Roots | W.E.B. Du Bois

IRIE™ Magazine | ROOTS - W.E.B. Du Bois

W.E.B. Du Bois… Facts an’ T’ings

February 23, 1868 – August 27, 1963

W. E. B. Du Bois was an American civil rights activist, historian, American sociologist, Pan-Africanist, author, writer and editor. W. E. B. Du Bois was born William Edward Burghardt Du Bois on February 23, 1868, in Great Barrington, Massachusetts, the only child of Alfred Du Bois and Mary Silvina Burghardt. W. E. B. Du Bois was a civil rights activists on a global scale. As a writer and activist, W. E. B. Du Bois fought for freedom and equality for the whole of the African diaspora and for Africans themselves. He led movements and conferences to advance equal rights for blacks in the U.S. and around the world. Du Bois wrote for The Atlantic Monthly and was the editor for the NAACP journal, The Crisis.

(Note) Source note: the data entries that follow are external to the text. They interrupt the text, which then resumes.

lemma Q_path_Suc_Suc:
  "Q_path (Suc (Suc m)) = Q_path (Suc m) \<union> insert (Suc (Suc m)) ` Q_path m"
proof (rule set_eqI, rule iffI)
  fix A assume A: "A \<in> Q_path (Suc (Suc m))"
  show "A \<in> Q_path (Suc m) \<union> insert (Suc (Suc m)) ` Q_path m"
  proof (cases "Suc (Suc m) \<in> A")
    case True
    then have "Suc m \<notin> A" using A unfolding Q_path_eq by auto
    then have "A - {Suc (Suc m)} \<in> Q_path m" using A unfolding Q_path_eq
      by (auto simp: subset_iff) (metis atLeastAtMost_iff le_Suc_eq)
    moreover have "A = insert (Suc (Suc m)) (A - {Suc (Suc m)})" using True by auto
    ultimately show ?thesis by blast
  next
    case False
    then have "A \<in> Q_path (Suc m)" using A unfolding Q_path_eq
      by (auto simp: subset_iff) (metis atLeastAtMost_iff le_Suc_eq)
    then show ?thesis by blast
  qed
next
  fix A assume "A \<in> Q_path (Suc m) \<union> insert (Suc (Suc m)) ` Q_path m"
  then show "A \<in> Q_path (Suc (Suc m))"
    unfolding Q_path_eq by (auto simp: subset_iff)
qed

lemma Q_path_Suc_disjoint: "Q_path (Suc m) \<inter> insert (Suc (Suc m)) ` Q_path m = {}"
  unfolding Q_path_eq by auto

lemma inj_on_insert_Q_path: "inj_on (insert (Suc (Suc m))) (Q_path m)"
proof (rule inj_onI)
  fix x y assume "x \<in> Q_path m" "y \<in> Q_path m" "insert (Suc (Suc m)) x = insert (Suc (Suc m)) y"
  moreover have "Suc (Suc m) \<notin> x" "Suc (Suc m) \<notin> y"
    using calculation unfolding Q_path_eq by auto
  ultimately show "x = y"
    by (metis Diff_insert_absorb)
qed

lemma card_Q_path_Suc_Suc:
  "card (Q_path (Suc (Suc m))) = card (Q_path (Suc m)) + card (Q_path m)"
  unfolding Q_path_Suc_Suc
  by (subst card_Un_disjoint)
     (simp_all add: finite_Q_path Q_path_Suc_disjoint card_image[OF inj_on_insert_Q_path])

lemma card_Q_path_ge: "(8/5::real)^n \<le> real (card (Q_path n))"
proof (induction n rule: induct_nat_012)
  case (ge2 k)
  have "(8/5::real)^(Suc (Suc k)) \<le> (8/5)^(Suc k) + (8/5)^k"
    by simp
  also have "\<dots> \<le> real (card (Q_path (Suc k))) + real (card (Q_path k))"
    using ge2.IH by simp
  also have "\<dots> = real (card (Q_path (Suc (Suc k))))"
    by (simp add: card_Q_path_Suc_Suc)
  finally show ?case .
qed (simp_all add: Q_path_0 Q_path_1)

lemma Q_path_r_0: "Q_path_r n 0 = {{}}"
  unfolding Q_path_r_def using finite_of_mem_Q_path by (auto simp: Q_path_eq)

lemma Q_path_r_Suc_Suc:
  "Q_path_r (Suc (Suc m)) (Suc i) = Q_path_r (Suc m) (Suc i) \<union> insert (Suc (Suc m)) ` Q_path_r m i"
proof -
  have "\<And>A. A \<in> Q_path m \<Longrightarrow> Suc (Suc m) \<notin> A"
    unfolding Q_path_eq by auto
  then show ?thesis
    unfolding Q_path_r_def Q_path_Suc_Suc using finite_of_mem_Q_path by (auto simp: card_insert_if)
qed

lemma card_Q_path_r_Suc_Suc:
  "card (Q_path_r (Suc (Suc m)) (Suc i)) = card (Q_path_r (Suc m) (Suc i)) + card (Q_path_r m i)"
proof -
  have "Q_path_r (Suc m) (Suc i) \<inter> insert (Suc (Suc m)) ` Q_path_r m i = {}"
    using Q_path_Suc_disjoint[of m] unfolding Q_path_r_def by blast
  moreover have "inj_on (insert (Suc (Suc m))) (Q_path_r m i)"
    using inj_on_insert_Q_path by (rule inj_on_subset) (simp add: Q_path_r_def)
  ultimately show ?thesis
    unfolding Q_path_r_Suc_Suc using finite_Q_path
    by (subst card_Un_disjoint) (auto simp: Q_path_r_def card_image)
qed

lemma card_Q_path_r: "card (Q_path_r n r) = (n + 1 - r) choose r"
proof (induction n arbitrary: r rule: induct_nat_012)
  case 0
  have "Q_path_r 0 r = (if r = 0 then {{}} else {})"
    by (auto simp: Q_path_r_def Q_path_0)
  then show ?case by simp
next
  case 1
  have "Q_path_r (Suc 0) r = (if r = 0 then {{}} else if r = 1 then {{1}} else {})"
    by (auto simp: Q_path_r_def Q_path_1)
  then show ?case by (cases r) auto
next
  case (ge2 m)
  show ?case
  proof (cases r)
    case (Suc i)
    then show ?thesis
      using ge2.IH by (cases "i \<le> m + 1") (auto simp: card_Q_path_r_Suc_Suc Suc_diff_le)
  qed (simp add: Q_path_r_0)
qed

section \<open>Decomposition by the even part\<close>

definition evens :: "nat \<Rightarrow> nat set" where
  "evens n = {i\<in>{1..n}. even i}"

definition free_odds :: "nat \<Rightarrow> nat set \<Rightarrow> nat set" where
  "free_odds n E = {i\<in>{1..n}. odd i \<and> i - 1 \<notin> E \<and> Suc i \<notin> E}"

lemma finite_evens: "finite (evens n)"
  unfolding evens_def by simp

lemma finite_free_odds: "finite (free_odds n E)"
  unfolding free_odds_def by simp

lemma card_evens: "card (evens n) = n div 2"
proof -
  have "evens n = (\<lambda>j. 2*j) ` {1..n div 2}"
    unfolding evens_def by (auto simp: image_iff elim!: evenE)
  moreover have "inj_on (\<lambda>j. 2*j) {1..n div 2}"
    by (auto simp: inj_on_def)
  ultimately show ?thesis
    by (simp add: card_image)
qed

lemma card_eq_sum_card_fibres:
  assumes "finite S" "finite T" "g ` S \<subseteq> T"
  shows "card S = (\<Sum>y\<in>T. card {x \<in> S. g x = y})"
  using sum.group[OF assms, of "\<lambda>_. 1::nat"] by simp

lemma Q_path_fibre_eq:
  assumes E: "E \<subseteq> evens n"
  shows "{A \<in> Q_path n. A \<inter> evens n = E} = (\<union>) E ` Pow (free_odds n E)"
proof (rule set_eqI, rule iffI)
  fix A assume "A \<in> {A \<in> Q_path n. A \<inter> evens n = E}"
  then have A: "A \<in> Q_path n" and AE: "A \<inter> evens n = E" by auto
  have "A - evens n \<subseteq> free_odds n E"
  proof
    fix i assume i: "i \<in> A - evens n"
    then have "1 \<le> i" "i \<le> n" "odd i" "Suc i \<notin> A"
      using A unfolding Q_path_eq evens_def by auto
    moreover have "i - 1 \<notin> A"
    proof
      assume "i - 1 \<in> A"
      moreover have "Suc (i - 1) = i" using \<open>1 \<le> i\<close> by simp
      ultimately show False using A i unfolding Q_path_eq by force
    qed
    ultimately show "i \<in> free_odds n E"
      using AE unfolding free_odds_def by auto
  qed
  moreover have "A = E \<union> (A - evens n)" using AE by auto
  ultimately show "A \<in> (\<union>) E ` Pow (free_odds n E)" by blast
next
  fix A assume "A \<in> (\<union>) E ` Pow (free_odds n E)"
  then obtain T where T: "T \<subseteq> free_odds n E" and A: "A = E \<union> T" by auto
  have Eev: "\<And>i. i \<in> E \<Longrightarrow> even i \<and> 1 \<le> i \<and> i \<le> n"
    using E unfolding evens_def by auto
  have Tod: "\<And>i. i \<in> T \<Longrightarrow> odd i \<and> 1 \<le> i \<and> i \<le> n \<and> i - 1 \<notin> E \<and> Suc i \<notin> E"
    using T unfolding free_odds_def by auto
  have "Suc i \<notin> A" if "i \<in> A" for i
  proof
    assume "Suc i \<in> A"
    show False
    proof (cases "i \<in> E")
      case True
      then have "Suc i \<in> T"
        using \<open>Suc i \<in> A\<close> A Eev[of i] Eev[of "Suc i"] by auto
      then show False using Tod True by fastforce
    next
      case False
      then have "i \<in> T" "Suc i \<notin> T"
        using that A Tod[of i] Tod[of "Suc i"] by auto
      then show False using \<open>Suc i \<in> A\<close> A Tod by blast
    qed
  qed
  moreover have "A \<subseteq> {1..n}"
    using A Eev Tod by auto
  moreover have "T \<inter> evens n = {}"
    using Tod unfolding evens_def by auto
  ultimately show "A \<in> {A \<in> Q_path n. A \<inter> evens n = E}"
    using A E unfolding Q_path_eq by auto
qed

lemma inj_on_Un_free_odds: "E \<subseteq> evens n \<Longrightarrow> inj_on ((\<union>) E) (Pow (free_odds n E))"
  by (rule inj_onI) (auto simp: free_odds_def evens_def)

lemma card_Q_path_fibre:
  "E \<subseteq> evens n \<Longrightarrow> card {A \<in> Q_path n. A \<inter> evens n = E} = 2 ^ card (free_odds n E)"
  by (simp add: Q_path_fibre_eq card_image inj_on_Un_free_odds card_Pow finite_free_odds)

lemma card_Q_path_eq_sum_fibres: "card (Q_path n) = (\<Sum>E\<in>Pow (evens n). 2 ^ card (free_odds n E))"
proof -
  have "card (Q_path n) = (\<Sum>E\<in>Pow (evens n). card {A \<in> Q_path n. A \<inter> evens n = E})"
    by (rule card_eq_sum_card_fibres) (auto simp: finite_Q_path finite_evens)
  then show ?thesis
    by (simp add: card_Q_path_fibre)
qed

IRIE presents some fascinating Facts an ‘Tings about W.E.B. Du Bois.

Facts an’ T’ings

  • In 1895, W.E.B. Du Bois became the first African American to earn a Ph. D from Harvard University.

  • William Du Bois co-founded the Niagara Movement in 1905 to oppose the Atlanta Compromise (1895), an unwritten deal by Booker T. Washington which stated that black Americans should avoid protesting for civic rights so long as they had access to criminal justice and jobs.

    Du Bois opposed Booker T. Washington’s views on racial discrimination. Du Bois insisted on full civil rights with equal treatment, equal economic opportunities and equal educational opportunities.

  • In 1903, W.E.B. Du Bois published his most famous work, ‘The Souls of Black Folk’, a philosophical and poetic body of work that reveals how different the African American experience is when you’re living it compared to the way it looks to the rest of society. He opens ‘The Souls of Black Folk’ with the central thesis of much of his life’s work: “The problem of the twentieth century is the problem of the color-line.”

  • In 1909, W.E.B. Du Bois co-founded the NAACP (National Association for the Advancement of Colored People), which became an important African-American civil rights organization. It is still active today.

  • In 1961, W.E.B. Du Bois traveled to Ghana (at the age of 93) to work on an encyclopedia of the African diaspora. In 1963, the United States refused to renew his passport.

    W.E.B. Du Bois became a citizen of Ghana in symbolic protest but never renounced his United States citizenship.

  • William Du Bois died on August 27, 1963, at the age of 95, one day before Martin Luther King Jr. delivered his famous ‘I Have A Dream’ speech at the March on Washington for Jobs and Freedom.